WORK ITEM: Copy every line from the material below that holds "ultimately".
(RECORDS FOR THE TASK Opens)
lemma potential_insert:
  assumes "legal_move n D (u, v)"
  shows "potential (insert (u, v) D) = potential D + (sqrt 2 - 1) * danger D (u, v) - danger D (v, u)"
proof -
  have "potential (insert (u, v) D) =
          (\<Sum>f\<in>placements. weight D f + (sqrt 2 - 1) * (if uses f (u, v) then weight D f else 0)
                             - (if uses f (v, u) then weight D f else 0))"
    unfolding potential_def
    by (rule sum.cong) (use weight_insert[OF assms] in \<open>auto simp: placements_def\<close>)
  then show ?thesis
    unfolding potential_def danger_def by (simp add: sum.distrib sum_subtractf sum_distrib_left)
qed

lemma danger_insert_le:
  "legal_move n D (u, v) \<Longrightarrow> danger (insert (u, v) D) e \<le> sqrt 2 * danger D e"
  unfolding danger_def sum_distrib_left
  by (rule sum_mono) (auto simp: placements_def weight_nonneg intro: weight_insert_le)

lemma danger_nonneg: "danger D e \<ge> 0"
  unfolding danger_def by (rule sum_nonneg) (simp add: weight_nonneg)

lemma danger_le_potential: "danger D e \<le> potential D"
  unfolding danger_def potential_def by (rule sum_mono) (simp add: weight_nonneg)

lemma potential_empty: "potential {} = card placements"
  unfolding potential_def weight_def unblocked_def claimed_def by simp

lemma potential_maker_move:
  "legal_move n D e \<Longrightarrow> potential (insert e D) \<le> potential D + (sqrt 2 - 1) * danger D e"
  using potential_insert danger_nonneg by (cases e) fastforce

lemma potential_ge_if_contains_copy:
  assumes "asym D" "contains_copy n D k T"
  shows "sqrt 2 ^ card T \<le> potential D"
proof -
  obtain f where f: "inj_on f {0..<k}" "f ` {0..<k} \<subseteq> {0..<n}" "\<forall>(i, j)\<in>T. (f i, f j) \<in> D"
    using assms(2) unfolding contains_copy_def by blast
  let ?g = "restrict f {0..<k}"
  have "?g \<in> placements" unfolding placements_def using f by (auto simp: inj_on_def)
  have arcs: "(?g i, ?g j) \<in> D" if "(i, j) \<in> T" for i j
    using f(3) that arcs_in_range by auto
  then have "unblocked D ?g" unfolding unblocked_def using asymD[OF assms(1)] by blast
  moreover have "{(i, j) \<in> T. (?g i, ?g j) \<in> D} = T" using arcs by blast
  then have "claimed D ?g = card T" unfolding claimed_def by simp
  ultimately have "weight D ?g = sqrt 2 ^ card T" unfolding weight_def by simp
  moreover have "weight D ?g \<le> potential D"
    unfolding potential_def
    by (rule member_le_sum[OF \<open>?g \<in> placements\<close>]) (auto simp: weight_nonneg finite_placements)
  ultimately show ?thesis by simp
qed

lemma breaker_reply:
  assumes "\<not> game_over n D"
  obtains e where "legal_move n D e" "potential (insert e D) \<le> potential D"
    "\<And>e'. legal_move n (insert e D) e' \<Longrightarrow>
       potential (insert e D) + (sqrt 2 - 1) * danger (insert e D) e' \<le> potential D"
proof -
  let ?L = "{e. legal_move n D e}"
  have "finite (danger D ` ?L)" "danger D ` ?L \<noteq> {}"
    using finite_legal_moves assms unfolding game_over_def by auto
  then have "Max (danger D ` ?L) \<in> danger D ` ?L" by (rule Max_in)
  then obtain u v where uv: "legal_move n D (u, v)" "danger D (u, v) = Max (danger D ` ?L)"
    by auto
  define M where "M = danger D (u, v)"
  have most_dangerous: "danger D e \<le> M" if "legal_move n D e" for e
    unfolding M_def uv(2) using that finite_legal_moves by simp
  have "M \<ge> 0" unfolding M_def by (rule danger_nonneg)
  have legal: "legal_move n D (v, u)" using legal_move_swap[OF uv(1)] .
  let ?D' = "insert (v, u) D"
  have potential_D': "potential ?D' \<le> potential D + (sqrt 2 - 1) * M - M"
    using potential_insert[OF legal] mult_left_mono[OF most_dangerous[OF legal], of "sqrt 2 - 1"]
    unfolding M_def by simp
  have danger_D': "(sqrt 2 - 1) * danger ?D' e' \<le> (sqrt 2 - 1) * (sqrt 2 * M)"
    if "legal_move n ?D' e'" for e'
  proof (rule mult_left_mono)
    have "danger ?D' e' \<le> sqrt 2 * danger D e'" by (rule danger_insert_le[OF legal])
    also have "\<dots> \<le> sqrt 2 * M" using most_dangerous[OF legal_move_insertD[OF that]] by simp
    finally show "danger ?D' e' \<le> sqrt 2 * M" .
  qed simp
  show ?thesis
  proof (rule that[OF legal])
    have "(sqrt 2 - 1) * M \<le> M"
      using mult_right_mono[OF sqrt_2_le_2 \<open>M \<ge> 0\<close>] by (simp add: algebra_simps)
    with potential_D' show "potential ?D' \<le> potential D" by linarith
  next
    fix e' assume "legal_move n ?D' e'"
    then have "(sqrt 2 - 1) * danger ?D' e' \<le> (sqrt 2 - 1) * (sqrt 2 * M)" by (rule danger_D')
    \<comment> \<open>since \<open>\<surd>2 \<cdot> \<surd>2 = 2\<close>, Maker's best reply recovers exactly what Breaker's move destroyed\<close>
    moreover have "(sqrt 2 - 1) * M - M + (sqrt 2 - 1) * (sqrt 2 * M) = 0"
      by (simp add: algebra_simps)
    ultimately show "potential ?D' + (sqrt 2 - 1) * danger ?D' e' \<le> potential D"
      using potential_D' by linarith
  qed
qed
(RECORDS FOR THE TASK Closes)
ANSWER SPACE:
  ultimately have "weight D ?g = sqrt 2 ^ card T" unfolding weight_def by simp
  ultimately show ?thesis by simp
    ultimately show "potential ?D' + (sqrt 2 - 1) * danger ?D' e' \<le> potential D"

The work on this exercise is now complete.